- Chip Bench
- Pages
- Benchmarking Guide
Benchmarking Guide
This benchmarking guide is dynamic and will be updated as the usage and capabilities of AI accelerators evolve. The objective is to capture the comparative performance and economics of accelerators in commercially representative settings. Inevitably this involves subjectivity. While ChipBench retains full discretion in defining benchmarks, accelerator manufacturers are encouraged to provide input and recommendations on this guide.
Accelerator Coverage
In choosing accelerators to benchmark, significant weight is given to those accelerators being available to the median developer on-demand.
Initial Coverage: | ||
---|---|---|
Nvidia | H100 SXM | H200 SXM |
AMD | MI300X | |
Google TPUs | v6e-8 |
Upcoming: | ||
---|---|---|
Trainium | TRN1 | INF2 |
Nvidia | B200 |
The following accelerators are also being researched:
Intel Gaudi family
Trainium 2 - capacity is currently unavailable.
Use Cases
ChipBench aims to provide coverage of one primary use case, as well as limited coverage of secondary use case.
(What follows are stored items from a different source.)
lemma breakset_inv:
  assumes f: "f \<in> Fgrp r \<Lambda> A" and Pf: "breakset f Pf"
  shows "breakset (inv f) (f ` Pf)"
proof -
  define h where "h = inv f"
  have fh: "\<And>t. f (h t) = t" unfolding h_def using F_bij[OF f] by (simp add: bij_is_surj surj_f_inv_f)
  have hf: "\<And>t. h (f t) = t" unfolding h_def using F_bij[OF f] by (simp add: bij_is_inj inv_f_f)
  have smf: "strict_mono f" using F_smono[OF f] .
  have smh: "strict_mono h" by (rule strict_mono_inv[OF smf bij_is_surj[OF F_bij[OF f]] hf])
  have "breakset h (f ` Pf)"
  proof (rule breaksetI)
    show "finite (f ` Pf)" using breakset_D(1)[OF Pf] by simp
    show QA: "f ` Pf \<subseteq> A \<inter> {0..r}"
      using breakset_D(2)[OF Pf] F_A_iff[OF f] F_range[OF f] by auto
    show "0 \<in> f ` Pf" "r \<in> f ` Pf"
      using F_zero[OF f] F_r[OF f] breakset_D(3,4)[OF Pf] by (metis image_eqI)+
    show "\<forall>p\<in>f ` Pf. p < r \<longrightarrow> h p \<in> A" using breakset_D(2)[OF Pf] hf by auto
    fix a b assume ab: "consec (f ` Pf) a b"
    obtain a0 b0 where a0: "a0 \<in> Pf" "a = f a0" and b0: "b0 \<in> Pf" "b = f b0"
      using ab unfolding consec_def by auto
    have "consec Pf a0 b0"
      using ab a0 b0 smf unfolding consec_def by (auto simp: strict_mono_less)
    from breakset_consec[OF Pf this] obtain l c where lc: "l \<in> \<Lambda>" "\<forall>u\<in>{a0..<b0}. f u = l * u + c"
      by blast
    have lpos: "l > 0" using Lpos lc by auto
    show "\<exists>l\<in>\<Lambda>. \<exists>c. \<forall>t\<in>{a..<b}. h t = l * t + c"
    proof (intro bexI[of _ "inverse l"] exI[of _ "- c / l"] ballI)
      show "inverse l \<in> \<Lambda>" using Linv lc by auto
      fix t assume t: "t \<in> {a..<b}"
      then have "h a \<le> h t" "h t < h b" using smh by (auto simp: strict_mono_less strict_mono_less_eq)
      then have "f (h t) = l * h t + c" using lc a0 b0 hf by auto
      then show "h t = inverse l * t + - c / l" using lpos fh by (simp add: field_simps)
    qed
  qed
  then show ?thesis unfolding h_def .
qed

lemma F_inv:
  assumes f: "f \<in> Fgrp r \<Lambda> A"
  shows "inv f \<in> Fgrp r \<Lambda> A"
proof -
  have bf: "bij f" using F_bij[OF f] .
  have hf: "\<And>t. inv f (f t) = t" using bf by (simp add: bij_is_inj inv_f_f)
  have smh: "strict_mono (inv f)" by (rule strict_mono_inv[OF F_smono[OF f] bij_is_surj[OF bf] hf])
  have "f ` {0..<r} = {0..<r}" using F_D(1)[OF f] by (simp add: bij_betw_def)
  then have "bij_betw (inv f) {0..<r} {0..<r}"
    using bij_betw_inv_into_subset[of f UNIV UNIV "{0..<r}" "{0..<r}"] bf by (simp add: bij_def bij_betw_def)
  moreover have "continuous_on {0..<r} (inv f)"
    by (intro continuous_at_imp_continuous_on ballI strict_mono_surj_isCont[OF smh surjI[of _ f]] hf)
  moreover have "\<forall>t. t \<notin> {0..<r} \<longrightarrow> inv f t = t" using F_D(3)[OF f] hf by metis
  moreover obtain Pf where "breakset f Pf" using F_D(4)[OF f] by auto
  ultimately show ?thesis unfolding Fgrp_iff using breakset_inv[OF f] by blast
qed

lemma F_id: "id \<in> Fgrp r \<Lambda> A"
proof -
  have "breakset id {0, r}"
    by (rule breaksetI) (use A0 rA r_pos L1 in \<open>auto intro!: bexI[of _ 1] exI[of _ 0]\<close>)
  then show ?thesis unfolding Fgrp_iff by (auto simp: bij_betw_id)
qed

lemma Fsupp_D: assumes "f \<in> Fsupp r \<Lambda> A S" shows "f \<in> Fgrp r \<Lambda> A" "suppset r f \<subseteq> S"
  using assms unfolding Fsupp_def by auto

lemma Fsupp_out: assumes "f \<in> Fsupp r \<Lambda> A S" "t \<notin> S" shows "f t = t"
proof (cases "t \<in> {0..<r}")
  case True
  then show ?thesis using Fsupp_D(2)[OF assms(1)] assms(2) unfolding suppset_def fixset_def by auto
next
  case False then show ?thesis using F_D(3)[OF Fsupp_D(1)[OF assms(1)]] by simp
qed

lemma FsuppI: assumes "f \<in> Fgrp r \<Lambda> A" "\<And>t. t \<notin> S \<Longrightarrow> f t = t" shows "f \<in> Fsupp r \<Lambda> A S"
  using assms unfolding Fsupp_def suppset_def fixset_def by auto

lemma Fsupp_comp: assumes "f \<in> Fsupp r \<Lambda> A S" "g \<in> Fsupp r \<Lambda> A S" shows "f \<circ> g \<in> Fsupp r \<Lambda> A S"
  using assms by (intro FsuppI F_compose) (auto simp: Fsupp_D Fsupp_out)

lemma Fsupp_inv: assumes "f \<in> Fsupp r \<Lambda> A S" shows "inv f \<in> Fsupp r \<Lambda> A S"
proof (rule FsuppI[OF F_inv[OF Fsupp_D(1)[OF assms]]])
  fix t assume "t \<notin> S"
  then have "f t = t" using Fsupp_out assms by auto
  then show "inv f t = t" using bij_is_inj[OF F_bij[OF Fsupp_D(1)[OF assms]]] by (metis inv_f_f)
qed

lemma Fsupp_funpow: assumes "f \<in> Fsupp r \<Lambda> A S" shows "f ^^ n \<in> Fsupp r \<Lambda> A S"
proof (induction n)
  case 0
  have "id \<in> Fsupp r \<Lambda> A S" by (rule FsuppI[OF F_id]) simp
  then show ?case by (simp add: id_def)
next
  case (Suc n) show ?case unfolding funpow_Suc_right by (rule Fsupp_comp[OF Suc assms])
qed

definition cent where "cent S x = centralizer_in (Fsupp r \<Lambda> A S) x"

lemma cent_iff: "y \<in> cent S x \<longleftrightarrow> y \<in> Fsupp r \<Lambda> A S \<and> y \<circ> x = x \<circ> y"
  unfolding cent_def centralizer_in_def by simp

lemma cent_comp: assumes "y \<in> cent S x" "z \<in> cent S x" shows "y \<circ> z \<in> cent S x"
proof -
  have "(y \<circ> z) \<circ> x = x \<circ> (y \<circ> z)" using assms unfolding cent_iff by (metis comp_assoc)
  then show ?thesis using Fsupp_comp assms cent_iff by simp
qed

lemma cent_inv: assumes "y \<in> cent S x" shows "inv y \<in> cent S x"
  using assms inv_commute[OF F_bij[OF Fsupp_D(1)]] Fsupp_inv unfolding cent_iff by blast

lemma cent_funpow: assumes "y \<in> cent S x" shows "y ^^ n \<in> cent S x"
  using assms Fsupp_funpow funpow_commute unfolding cent_iff by blast

lemma cent_zpow: assumes "y \<in> cent S x" shows "zpow y n \<in> cent S x"
  unfolding zpow_def using cent_funpow[OF assms] cent_funpow[OF cent_inv[OF assms]] by simp

lemma cent_inv_eq: assumes "bij x" shows "cent S (inv x) = cent S x"
proof -
  have "y \<circ> inv x = inv x \<circ> y \<longleftrightarrow> y \<circ> x = x \<circ> y" for y
  proof
    assume "y \<circ> inv x = inv x \<circ> y"
    then have "inv (inv x) \<circ> y = y \<circ> inv (inv x)"
      using inv_commute[OF bij_imp_bij_inv[OF assms], of y] by simp
    then show "y \<circ> x = x \<circ> y" using inv_inv_eq[OF assms] by simp
  next
    assume "y \<circ> x = x \<circ> y"
    then show "y \<circ> inv x = inv x \<circ> y" using inv_commute[OF assms, of y] by simp
  qed
  then show ?thesis by (simp add: set_eq_iff cent_iff)
qed

end

section \<open>The centraliser and its germ slopes\<close>

definition right_germ_slope :: "real set \<Rightarrow> real \<Rightarrow> (real \<Rightarrow> real) \<Rightarrow> real" where
  "right_germ_slope \<Lambda> a y = (SOME l. l \<in> \<Lambda> \<and> (\<exists>e>0. \<forall>u\<in>{a..<a+e}. y u = a + l * (u - a)))"

locale centraliser_setting = admissible_triple +
  fixes \<alpha> \<beta> :: real and x :: "real \<Rightarrow> real"
  assumes al: "\<alpha> \<in> {0..r} \<inter> A" and be: "\<beta> \<in> {0..r} \<inter> A" and ab: "\<alpha> < \<beta>"
    and xF: "x \<in> Fsupp r \<Lambda> A {\<alpha><..<\<beta>}"
    and xfix: "fixset r x \<inter> {\<alpha><..<\<beta>} \<inter> A = {}"
begin

abbreviation "I \<equiv> {\<alpha><..<\<beta>}"
abbreviation "C \<equiv> cent I x"
abbreviation "rho \<equiv> right_germ_slope \<Lambda> \<alpha>"

lemma alpha_beta_bounds: "\<alpha> < r" "0 \<le> \<alpha>" "\<beta> \<le> r" using al be ab by auto

lemma x_in_F: "x \<in> Fgrp r \<Lambda> A" using Fsupp_D(1)[OF xF] .
lemma x_bij: "bij x" using F_bij[OF x_in_F] .
lemma x_smono: "strict_mono x" using F_smono[OF x_in_F] .
lemma x_alpha: "x \<alpha> = \<alpha>" and x_beta: "x \<beta> = \<beta>" using Fsupp_out[OF xF] by auto

lemma C_in_F: "y \<in> C \<Longrightarrow> y \<in> Fgrp r \<Lambda> A" using cent_iff Fsupp_D(1) by blast

lemma C_comm: "y \<in> C \<Longrightarrow> y (x t) = x (y t)"
  using cent_iff[of y I x] by (auto simp: fun_eq_iff)

lemma x_in_C: "x \<in> C" using cent_iff xF by simp

lemma C_fix_out: "y \<in> C \<Longrightarrow> t \<notin> I \<Longrightarrow> y t = t"
  using cent_iff Fsupp_out by blast

lemma fix_not_A: assumes "t \<in> I" "x t = t" shows "t \<notin> A"
proof
  assume "t \<in> A"
  then have "t \<in> fixset r x \<inter> I \<inter> A" using assms alpha_beta_bounds unfolding fixset_def by auto
  then show False using xfix by blast
qed

text \<open>Agreement of two elements of C on [alpha,T] extends beyond T: if x moves T, transport the
  agreement by x or x\<inverse>; if x fixes T, then T is not in A and both are affine near T.\<close>
lemma C_agree_extend:
  assumes y: "y \<in> C" and z: "z \<in> C" and T: "\<alpha> < T" "T < \<beta>" and agree: "\<forall>u\<in>{\<alpha>..T}. y u = z u"
  shows "\<exists>T'>T. \<forall>u\<in>{T..T'}. y u = z u"
proof -
  consider "T < x T" | "x T < T" | "x T = T" by linarith
  then show ?thesis
  proof cases
    case 1
    have "\<forall>u\<in>{\<alpha>..x T}. y u = z u"
      by (rule agreement_transport[OF x_smono bij_is_surj[OF x_bij] x_alpha C_comm[OF y] C_comm[OF z] agree])
    then show ?thesis using 1 T by (intro exI[of _ "x T"]) auto
  next
    case 2
    have inv_comm: "w (inv x t) = inv x (w t)" if "w \<in> C" for w t
    proof -
      have "w \<in> cent I (inv x)" using that cent_inv_eq[OF x_bij] by simp
      then have "w \<circ> inv x = inv x \<circ> w" unfolding cent_iff by simp
      then show ?thesis by (metis comp_apply)
    qed
    have x_inv: "x (inv x t) = t" for t using x_bij by (simp add: bij_is_surj surj_f_inv_f)
    have sm: "strict_mono (inv x)"
      by (rule strict_mono_inv[OF x_smono bij_is_surj[OF x_bij]]) (simp add: x_bij bij_is_inj)
    have "inv x \<alpha> = \<alpha>" using x_alpha x_bij by (simp add: bij_is_inj inv_f_eq)
    then have "\<forall>u\<in>{\<alpha>..inv x T}. y u = z u"
      by (rule agreement_transport[OF sm bij_is_surj[OF bij_imp_bij_inv[OF x_bij]] _
            inv_comm[OF y] inv_comm[OF z] agree])
    moreover have "T < inv x T" using 2 x_inv[of T] strict_mono_less[OF x_smono] by metis
    ultimately show ?thesis using T by (intro exI[of _ "inv x T"]) auto
  next
    case 3
    then have "T \<notin> A" using fix_not_A T by simp
    then show ?thesis using F_agree_across[OF C_in_F[OF y] C_in_F[OF z] _ T(1) agree] by blast
  qed
qed

lemma C_inj:
  assumes y: "y \<in> C" and z: "z \<in> C" and e: "e > 0"
    and agree: "\<And>u. \<alpha> \<le> u \<Longrightarrow> u < \<alpha> + e \<Longrightarrow> y u = z u"
  shows "y = z"
proof
  fix t
  have "\<forall>u\<in>{\<alpha>..\<beta>}. y u = z u"
    by (rule agreement_continuation[OF ab F_cont[OF C_in_F[OF y]] F_cont[OF C_in_F[OF z]] e agree])
       (use C_agree_extend[OF y z] in auto)
  then show "y t = z t" using C_fix_out[OF y] C_fix_out[OF z] by (cases "t \<in> I") auto
qed

lemma rho_spec:
  assumes "y \<in> C" shows "rho y \<in> \<Lambda>" "\<exists>e>0. \<forall>u\<in>{\<alpha>..<\<alpha>+e}. y u = \<alpha> + rho y * (u - \<alpha>)"
proof -
  have "y \<alpha> = \<alpha>" using C_fix_out[OF assms] by simp
  moreover have "\<alpha> \<in> {0..<r}" using alpha_beta_bounds by simp
  ultimately have "\<exists>l. l \<in> \<Lambda> \<and> (\<exists>e>0. \<forall>u\<in>{\<alpha>..<\<alpha>+e}. y u = \<alpha> + l * (u - \<alpha>))"
    using germ_right[OF C_in_F[OF assms]] by blast
  then have "rho y \<in> \<Lambda> \<and> (\<exists>e>0. \<forall>u\<in>{\<alpha>..<\<alpha>+e}. y u = \<alpha> + rho y * (u - \<alpha>))"
    unfolding right_germ_slope_def by (rule someI_ex)
  then show "rho y \<in> \<Lambda>" "\<exists>e>0. \<forall>u\<in>{\<alpha>..<\<alpha>+e}. y u = \<alpha> + rho y * (u - \<alpha>)" by auto
qed

lemma rho_pos: "y \<in> C \<Longrightarrow> rho y > 0" using rho_spec Lpos by blast

text \<open>The slope rho y is determined by any interval of linearity, so rho is a homomorphism.\<close>
lemma rho_unique:
  assumes y: "y \<in> C" and e: "e > 0" and l: "\<And>u. \<alpha> \<le> u \<Longrightarrow> u < \<alpha> + e \<Longrightarrow> y u = \<alpha> + l * (u - \<alpha>)"
  shows "rho y = l"
proof -
  obtain e' where e': "e' > 0" "\<forall>u\<in>{\<alpha>..<\<alpha>+e'}. y u = \<alpha> + rho y * (u - \<alpha>)" using rho_spec[OF y] by blast
  define u where "u = \<alpha> + min e e' / 2"
  have u: "\<alpha> \<le> u" "u < \<alpha> + e" "u < \<alpha> + e'" "u \<noteq> \<alpha>" unfolding u_def using e e' by auto
  have "y u = \<alpha> + rho y * (u - \<alpha>)" using e'(2) u by simp
  moreover have "y u = \<alpha> + l * (u - \<alpha>)" by (rule l) (use u in auto)
  ultimately have "(rho y - l) * (u - \<alpha>) = 0" by (simp add: algebra_simps)
  then show ?thesis using u(4) by simp
qed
Currently ChipBench is focused on Inference applications, with plans to expand to training in the future.
Non-reasoning
Parameter | Value |
---|---|
Input length | tokens | 1,000 ± 50 |
Output length | tokens | 1,000 ± 50 |
Reasoning
Parameter | Value |
---|---|
Input length | tokens | 1,000 ± 50 |
Output length | tokens | 5,000 ± 250 |
Notes:
Values above are approximately based on discussions with inference and hardware providers and subject to change.
Benchmarking Library
Benchmarking is performed with llm-perf with:
random input sequences of text (except in the case of the long-context benchmark with repeated inputs).
input and output lengths following a normal distribution with a standard deviation of 5% of mean.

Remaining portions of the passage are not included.